Risalgo al mio piccolo nucleo familiare per dirvi quanto amammo la Famiglia e la quiete domestica. Ebbi dal mio adorato sposo, soltanto una figlia, Isabella, ma la critica le appioppò altri due fratelli che, poi, non le somigliavano per niente.
Robert fu l'autore e i regista dello sceneggiato “Roma, città aperta”. L'opera ebbe un immediato successo  perché gli “esperti”, non ebbero il tempo di rovinarla.
Successivamente venne impoverita e menomata della parte più bella. Robert, ne soffrì moltissimo.
“Sono adirato,” scriveva a Indro Montanelli, “perché le parti più belle della mia opera, sono state tagliate e quasi messe all'indice."
“Ma non provate più,” scriveva agli alti funzionari, “non sia più che vi permettete di manipolare una mia opera; ve lo dico col cuore di un padre."

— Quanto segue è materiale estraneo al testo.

text \<open>Slots are t = 1, 2, ...; Kn t i is the knowledge of
  receiver i at the beginning of slot t; x t the transmission in slot t; lab t, mv t the
  labels and m at the beginning of slot t; arr t the number of packets arrived by slot t
  (p_j is available in slot t iff j <= arr t); rcv t i says receiver i receives slot t.\<close>
definition coding_run ::
  "(nat \<Rightarrow> nat) \<Rightarrow> (nat \<Rightarrow> nat \<Rightarrow> bool) \<Rightarrow> (nat \<Rightarrow> nat \<Rightarrow> 'f::field cvec set) \<Rightarrow>
   (nat \<Rightarrow> 'f cvec option) \<Rightarrow> (nat \<Rightarrow> nat \<times> nat \<times> nat) \<Rightarrow> (nat \<Rightarrow> nat) \<Rightarrow> bool" where
  "coding_run arr rcv Kn x lab mv \<longleftrightarrow>
     (\<forall>i. Kn 1 i = kspan {}) \<and> mv 1 = 0 \<and> lab 1 = (1, 2, 3) \<and>
     (\<forall>t\<ge>1.
        tx_ok (Kn t) (lab t) (mv t) (arr t) (x t) \<and>
        (\<forall>i. Kn (Suc t) i = kspan (Kn t i \<union> (if rcv t i then set_option (x t) else {}))) \<and>
        mv (Suc t) = maxrank (Kn (Suc t)) \<and>
        labels_ok (Kn (Suc t)) (mv (Suc t)) (lab (Suc t)))"

end

theory Submission
  imports Defs
begin
lemma vf_norm_XQ_w:
  "vf_norm a p s r Sc (XQ_w q) =
     (SUP (y, z, zb)\<in>Dom a p r Sc. lnorm a p Sc (\<lambda>k. maj_eval s Sc (vz (XQ_w q) k) y z zb) * ennreal (1 / r)
        + lnorm a p Sc (\<lambda>k. maj_eval s Sc (vzb (XQ_w q) k) y z zb) * ennreal (1 / r))"
  by (simp add: vf_norm_def XQ_w_def add.assoc)

lemma XQ_y_term_le_XQ_w_term:
  assumes "a \<ge> 0" "p \<ge> 0" "r > 0"
    and "\<And>\<nu> \<alpha> \<beta>. q \<nu> \<alpha> \<beta> \<noteq> 0 \<Longrightarrow> l1int \<nu> \<le> real K \<and> 1 \<le> mdeg \<alpha> + mdeg \<beta>"
    and "(y, z, zb) \<in> Dom a p r Sc"
  shows "(\<Sum>j\<in>UNIV. maj_eval s Sc (vy (XQ_y q) j) y z zb) * ennreal (1 / r\<^sup>2)
      \<le> of_nat K * (lnorm a p Sc (\<lambda>k. maj_eval s Sc (vz (XQ_w q) k) y z zb) * ennreal (1 / r)
        + lnorm a p Sc (\<lambda>k. maj_eval s Sc (vzb (XQ_w q) k) y z zb) * ennreal (1 / r))"
proof -
  let ?V = "lnorm a p Sc (\<lambda>k. maj_eval s Sc (vz (XQ_w q) k) y z zb)"
  let ?W = "lnorm a p Sc (\<lambda>k. maj_eval s Sc (vzb (XQ_w q) k) y z zb)"
  have "(\<Sum>\<^sub>\<infinity>k\<in>Sc. ennreal (cmod (z k)) * maj_eval s Sc (vzb (XQ_w q) k) y z zb) \<le> ennreal r * ?W"
    "(\<Sum>\<^sub>\<infinity>k\<in>Sc. ennreal (cmod (zb k)) * maj_eval s Sc (vz (XQ_w q) k) y z zb) \<le> ennreal r * ?V"
    using assms(5) by (auto simp: Dom_def intro!: order_trans[OF infsum_mult_le_lnorm_mult[OF assms(1,2)]] mult_right_mono)
  then have "of_nat K * ((\<Sum>\<^sub>\<infinity>k\<in>Sc. ennreal (cmod (z k)) * maj_eval s Sc (vzb (XQ_w q) k) y z zb)
      + (\<Sum>\<^sub>\<infinity>k\<in>Sc. ennreal (cmod (zb k)) * maj_eval s Sc (vz (XQ_w q) k) y z zb))
      \<le> of_nat K * (ennreal r * ?W + ennreal r * ?V)"
    by (intro mult_left_mono add_mono) auto
  then have "(\<Sum>j\<in>UNIV. maj_eval s Sc (vy (XQ_y q) j) y z zb) \<le> of_nat K * (ennreal r * ?W + ennreal r * ?V)"
    using assms(4) by (blast intro: order_trans[OF sum_maj_eval_vy_XQ_y_le])
  then have "(\<Sum>j\<in>UNIV. maj_eval s Sc (vy (XQ_y q) j) y z zb) * ennreal (1 / r\<^sup>2)
      \<le> of_nat K * (ennreal r * ?W + ennreal r * ?V) * ennreal (1 / r\<^sup>2)"
    by (rule mult_right_mono) simp
  also have "\<dots> = of_nat K * (?V * (ennreal r * ennreal (1 / r\<^sup>2)) + ?W * (ennreal r * ennreal (1 / r\<^sup>2)))"
    by (simp add: algebra_simps)
  also have "ennreal r * ennreal (1 / r\<^sup>2) = ennreal (1 / r)"
    using assms(3) by (simp add: ennreal_mult[symmetric] power2_eq_square)
  finally show ?thesis .
qed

Da quel momento, finsero di lasciarlo in pace, ma ogni sua opera, non veniva degnata di considerazione, mentre tutti gli onori andavano a Fellini, per il fatto che si era saputo adattare in una società irrequieta e bizzarra.

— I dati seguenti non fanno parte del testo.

text \<open>The substitution \<open>t = - x / 2 + u / (2 sqrt \<pi>)\<close> turns the integrand of
  \<open>\<langle>\<pi>(x, y) f, f\<rangle>\<close> into a multiple of the Fourier integrand of the standard Gaussian.\<close>

lemma pi_op_gauss_integrand:
  fixes x y u :: real
  defines "t \<equiv> - x / 2 + u / (2 * sqrt pi)"
  shows "exp (2 * pi * \<i> * complex_of_real (t * y)) * gauss (t + x) * cnj (gauss t)
       = complex_of_real (exp (- pi * x * x / 2)) * exp (- (pi * \<i> * complex_of_real (x * y)))
         * (complex_of_real (exp (- (u * u) / 2)) * exp (\<i> * complex_of_real (y * sqrt pi * u)))"
proof -
  have sp: "sqrt pi * sqrt pi = pi" by simp
  have sp0: "0 < sqrt pi" by simp
  define c where "c = 1 / (2 * sqrt pi)"
  have tc: "t = - x / 2 + c * u" unfolding t_def c_def by simp
  have cc: "c * c = 1 / (4 * pi)" unfolding c_def using sp by (simp add: field_simps)
  have "(t + x) * (t + x) + t * t = 2 * (c * c) * (u * u) + x * x / 2"
    unfolding tc by (simp add: field_simps)
  then have R: "pi * ((t + x) * (t + x) + t * t) = u * u / 2 + pi * x * x / 2"
    unfolding cc by (simp add: field_simps)
  have P: "2 * pi * (t * y) = - (pi * (x * y)) + y * sqrt pi * u"
    unfolding t_def using sp sp0 by (simp add: field_simps)
  have g: "gauss (t + x) * cnj (gauss t) = complex_of_real (exp (- (u * u) / 2) * exp (- pi * x * x / 2))"
  proof -
    have "exp (- pi * (t + x)^2) * exp (- pi * t^2) = exp (- (pi * ((t + x) * (t + x) + t * t)))"
      by (simp add: exp_add[symmetric] power2_eq_square algebra_simps)
    also have "\<dots> = exp (- (u * u) / 2) * exp (- pi * x * x / 2)"
      by (simp only: R) (simp add: exp_add[symmetric] field_simps)
    finally show ?thesis by (simp add: gauss_def of_real_mult[symmetric] del: of_real_mult)
  qed
  have e: "exp (2 * pi * \<i> * complex_of_real (t * y))
      = exp (- (pi * \<i> * complex_of_real (x * y))) * exp (\<i> * complex_of_real (y * sqrt pi * u))"
  proof -
    have "2 * pi * \<i> * complex_of_real (t * y) = \<i> * complex_of_real (2 * pi * (t * y))" by simp
    also have "\<dots> = - (pi * \<i> * complex_of_real (x * y)) + \<i> * complex_of_real (y * sqrt pi * u)"
      by (simp only: P) (simp add: algebra_simps)
    finally show ?thesis by (simp only: exp_add)
  qed
  show ?thesis using e g by (simp add: algebra_simps)
qed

Vi chiederete quale fosse il lavoro di Roberto Rossellini, all'interno di Cinecittà; per parecchio tempo, Egli si sobbarcò al compito di correttore di bozze. Poi, gli “esperti”, non essendo contenti nemmeno delle sue correzioni orto-sintattiche, lo congedavano con un piccolo fisso mensile, in cambio del silenzio stampa. Ma fu, a questo punto che Robert, non potendone più, andò su tutte le furie. “Ho chinato fin'ora la testa a tutte le vostre bizzarrie... Ma io non sono un menomato mentale... Pregate che non avvenga che con la mia famiglia, lasci l'Italia... Ma se ciò dovesse avvenire... Sarete svergognati, in qualunque parte del globo, dovessimo trovarci. Il paese, ritenuto il più miserevole, non ugualia l'Italia per meschinità."
Dopo aver ponderato, ogni possibile soluzione, ci risolvemmo, a trasferirci in Bulgaria.

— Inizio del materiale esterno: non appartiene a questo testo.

lemma qmap_in_topspace_quotient_top:
  "x \<in> topspace T \<Longrightarrow> qmap E x \<in> topspace (quotient_top T E)"
  unfolding topspace_quotient_top qmap_def by (rule quotientI)

lemma closedin_quotient_top_qmap_image:
  assumes E: "equiv (topspace T) E" and B: "B \<subseteq> topspace T" and closed: "closedin T (E `` B)"
  shows "closedin (quotient_top T E) (qmap E ` B)"
  unfolding closedin_def topspace_quotient_top
proof
  show "qmap E ` B \<subseteq> topspace T // E"
    using B unfolding qmap_def by (blast intro: quotientI)
  have "E `` {x} \<in> qmap E ` B \<longleftrightarrow> x \<in> E `` B" if x: "x \<in> topspace T" for x
  proof
    assume "E `` {x} \<in> qmap E ` B"
    then obtain b where b: "b \<in> B" "E `` {b} = E `` {x}" by (auto simp: qmap_def)
    then have "(b, x) \<in> E"
      using equiv_class_eq_iff[OF E, of b x] B x by auto
    then show "x \<in> E `` B"
      using b(1) by blast
  next
    assume "x \<in> E `` B"
    then obtain b where "b \<in> B" "(b, x) \<in> E" by blast
    then show "E `` {x} \<in> qmap E ` B"
      using equiv_class_eq[OF E] unfolding qmap_def by (metis image_eqI)
  qed
  moreover have "E `` B \<subseteq> topspace T"
    using equiv_type[OF E] by blast
  ultimately have "{x \<in> topspace T. E `` {x} \<in> topspace T // E - qmap E ` B} = topspace T - E `` B"
    by (blast intro: quotientI)
  then show "openin (quotient_top T E) (topspace T // E - qmap E ` B)"
    using closed by (simp add: openin_quotient_top openin_diff)
qed

section \<open>Inverse limits\<close>

lemma topspace_inv_limit_top: "topspace (inv_limit_top X f) = inv_limit X f"
  unfolding inv_limit_top_def by (auto simp: inv_limit_def)

lemma inv_limit_step: "x \<in> inv_limit X f \<Longrightarrow> i \<ge> 1 \<Longrightarrow> f i (x (Suc i)) = x i"
  by (simp add: inv_limit_def)

lemma inv_limit_in_topspace: "x \<in> inv_limit X f \<Longrightarrow> i \<ge> 1 \<Longrightarrow> x i \<in> topspace (X i)"
  by (auto simp: inv_limit_def)

lemma inv_limit_0: "x \<in> inv_limit X f \<Longrightarrow> x 0 = undefined"
  by (auto simp: inv_limit_def)

lemma inv_limitI:
  assumes "\<And>i. i \<ge> 1 \<Longrightarrow> x i \<in> topspace (X i)" and "x 0 = undefined"
    and "\<And>i. i \<ge> 1 \<Longrightarrow> f i (x (Suc i)) = x i"
  shows "x \<in> inv_limit X f"
  unfolding inv_limit_def
proof (intro CollectI conjI PiE_I allI impI)
  fix i :: nat
  assume "i \<notin> {1..}"
  then show "x i = undefined" using assms(2) by (simp add: not_less_eq_eq)
qed (use assms in auto)

lemma inv_limit_rel_downward:
  assumes f: "\<And>i u v. i \<ge> 1 \<Longrightarrow> (u, v) \<in> R (Suc i) \<Longrightarrow> (f i u, f i v) \<in> R i"
    and x: "x \<in> inv_limit X f" and z: "z \<in> inv_limit X f" and "1 \<le> n" "n \<le> N"
    and "(x N, z N) \<in> R N"
  shows "(x n, z n) \<in> R n"
  using \<open>n \<le> N\<close> \<open>(x N, z N) \<in> R N\<close>
proof (induction N rule: dec_induct)
  case (step N)
  then have "(f N (x (Suc N)), f N (z (Suc N))) \<in> R N"
    using f \<open>1 \<le> n\<close> by simp
  then show ?case
    using step inv_limit_step[OF x] inv_limit_step[OF z] \<open>1 \<le> n\<close> by simp
qed

lemma inv_limit_eq_downward:
  assumes "x \<in> inv_limit X f" "z \<in> inv_limit X f" "1 \<le> n" "n \<le> N" "x N = z N"
  shows "x n = z n"
  using inv_limit_rel_downward[of "\<lambda>_. Id" f x X z n N] assms by simp

lemma openin_inv_limit_top_coordinate:
  assumes "i \<ge> 1" and "openin (X i) U"
  shows "openin (inv_limit_top X f) {z \<in> inv_limit X f. z i \<in> U}"
proof -
  have "continuous_map (inv_limit_top X f) (X i) (\<lambda>z. z i)"
    unfolding inv_limit_top_def using assms(1)
    by (intro continuous_map_from_subtopology continuous_map_product_projection) simp
  from openin_continuous_map_preimage[OF this assms(2)] show ?thesis
    by (simp add: topspace_inv_limit_top)
qed

lemma inv_limit_top_cylinder_neighbourhood:
  assumes "openin (inv_limit_top X f) S" and "w \<in> S"
  shows "\<exists>n. \<forall>z\<in>inv_limit X f. (\<forall>i\<in>{1..n}. z i = w i) \<longrightarrow> z \<in> S"
proof -
  obtain T where T: "openin (product_topology X {1..}) T" "S = T \<inter> inv_limit X f"
    using assms(1) unfolding inv_limit_top_def openin_subtopology by blast
  then obtain U where U: "finite {i \<in> {1..}. U i \<noteq> topspace (X i)}"
      "w \<in> Pi\<^sub>E {1..} U" "Pi\<^sub>E {1..} U \<subseteq> T"
    using assms(2) unfolding openin_product_topology_alt by blast
  then obtain n where n: "\<forall>i \<in> {i \<in> {1..}. U i \<noteq> topspace (X i)}. i \<le> n"
    using finite_nat_set_iff_bounded_le by blast
  show ?thesis
  proof (intro exI ballI impI)
    fix z assume z: "z \<in> inv_limit X f" "\<forall>i\<in>{1..n}. z i = w i"
    have "z \<in> Pi\<^sub>E {1..} U"
    proof (rule PiE_I)
      fix i :: nat assume i: "i \<in> {1..}"
      show "z i \<in> U i"
      proof (cases "i \<le> n")
        case True then show ?thesis using z(2) U(2) i by auto
      next
        case False then show ?thesis using n inv_limit_in_topspace[OF z(1), of i] i by fastforce
      qed
    next
      fix i :: nat assume "i \<notin> {1..}"
      then show "z i = undefined" using z(1) by (auto simp: inv_limit_def)
    qed
    then show "z \<in> S" using U(3) T(2) z(1) by auto
  qed
qed

lemma quotient_inv_limit_not_separated:
  assumes E: "equiv (inv_limit X f) E" and a: "a \<in> inv_limit X f" and B: "B \<subseteq> inv_limit X f"
    and linked: "\<And>n. \<exists>b\<in>B. \<forall>m. \<exists>x y. (x, y) \<in> E
                     \<and> (\<forall>i\<in>{1..n}. x i = a i) \<and> (\<forall>i\<in>{1..m}. y i = b i)"
  shows "\<not> (\<exists>U V. openin (quotient_top (inv_limit_top X f) E) U
              \<and> openin (quotient_top (inv_limit_top X f) E) V
              \<and> qmap E a \<in> U \<and> qmap E ` B \<subseteq> V \<and> disjnt U V)"
proof
  let ?Q = "quotient_top (inv_limit_top X f) E"
  assume "\<exists>U V. openin ?Q U \<and> openin ?Q V \<and> qmap E a \<in> U \<and> qmap E ` B \<subseteq> V \<and> disjnt U V"
  then obtain U V where UQ: "openin ?Q U" and VQ: "openin ?Q V"
    and "qmap E a \<in> U" "qmap E ` B \<subseteq> V" "disjnt U V"
    by blast
  have U: "openin (inv_limit_top X f) {x \<in> inv_limit X f. E `` {x} \<in> U}"
    using UQ by (simp add: openin_quotient_top topspace_inv_limit_top)
  have V: "openin (inv_limit_top X f) {x \<in> inv_limit X f. E `` {x} \<in> V}"
    using VQ by (simp add: openin_quotient_top topspace_inv_limit_top)
  have aU: "a \<in> {x \<in> inv_limit X f. E `` {x} \<in> U}"
    using a \<open>qmap E a \<in> U\<close> by (simp add: qmap_def)
  have BV: "B \<subseteq> {x \<in> inv_limit X f. E `` {x} \<in> V}"
    using B \<open>qmap E ` B \<subseteq> V\<close> unfolding qmap_def by blast
  obtain n where n: "\<forall>z\<in>inv_limit X f. (\<forall>i\<in>{1..n}. z i = a i) \<longrightarrow> E `` {z} \<in> U"
    using inv_limit_top_cylinder_neighbourhood[OF U aU] by blast
  obtain b where b: "b \<in> B"
    and xy: "\<forall>m. \<exists>x y. (x, y) \<in> E \<and> (\<forall>i\<in>{1..n}. x i = a i) \<and> (\<forall>i\<in>{1..m}. y i = b i)"
    using linked[of n] by blast
  obtain m where m: "\<forall>z\<in>inv_limit X f. (\<forall>i\<in>{1..m}. z i = b i) \<longrightarrow> E `` {z} \<in> V"
    using inv_limit_top_cylinder_neighbourhood[OF V] b BV by blast
  obtain x y where xy: "(x, y) \<in> E" and "\<forall>i\<in>{1..n}. x i = a i" "\<forall>i\<in>{1..m}. y i = b i"
    using xy by blast
  moreover have "x \<in> inv_limit X f" "y \<in> inv_limit X f"
    using equiv_type[OF E] xy by blast+
  ultimately have "E `` {x} \<in> U" "E `` {y} \<in> V"
    using n m by blast+
  moreover have "E `` {x} = E `` {y}"
    using equiv_class_eq[OF E xy] .
  ultimately show False
    using \<open>disjnt U V\<close> by (simp add: disjnt_def disjoint_iff)
qed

La casa che comperammo era modesta, ma a me piacque subito per quell'enorme ciliegio che era all'ingresso. Quando arrivammo, eravamo molto stanchi; per un anno non uscimmo di casa, anche perché ci deluse, la fredda accoglienza del vicinato. Avevamo sentito parole ben scandite rivolte a Noi: “Vogliono condurre una vita da pascià, sulle spalle di noi che siamo poveri diavoli.” Ci amareggiammo profondamente, a tal punto, che Robert, non voleva uscire, nemmeno per far due passi. Egli sapeva però, che io avevo un hobby, uscire di tanto, in tanto a comprare qualche piccolo oggetto per la casa, un quadretto, una statuina, ecc. Nel paese non c'era nulla... Perciò Egli stesso mi dava il permesso di andare a curiosare in cittadine più vitali. “Spero presto” mi diceva, “di poterti accompagnare. Tu sai che è necessario prendere l'aereo ed io per il momento, non mi sento. Non so se sia paura... ma se così fosse, non ti lascerei andare... Forse è una forte depressione.” Fu così che un giorno, mi trovai in una cittadina dove si erano inaugurati i mercati generali. Davo un'occhiata un po' a tutto, ma non c’era nulla che mi attraesse veramente. Infine, i miei occhi si posarono su di un angioletto, sopra una scatola di legno... Quella scatola avrebbe potuto essere una bara, ma non essendo superstiziosa, lo prendevo  insieme ad una anforetta in stile gotico che avevo visto subito dopo. Non sono, mi dissi oggetti singolari, ma è sempre meglio che ritornare a casa con le mani vuote. Mentre la commessa, me li incartava, un annuncio, mi fece trasalire: “La signora Rossellini, si porti in direzione, per comunicazioni urgenti."
“Mio Dio!” Che cosa era successo a mio marito?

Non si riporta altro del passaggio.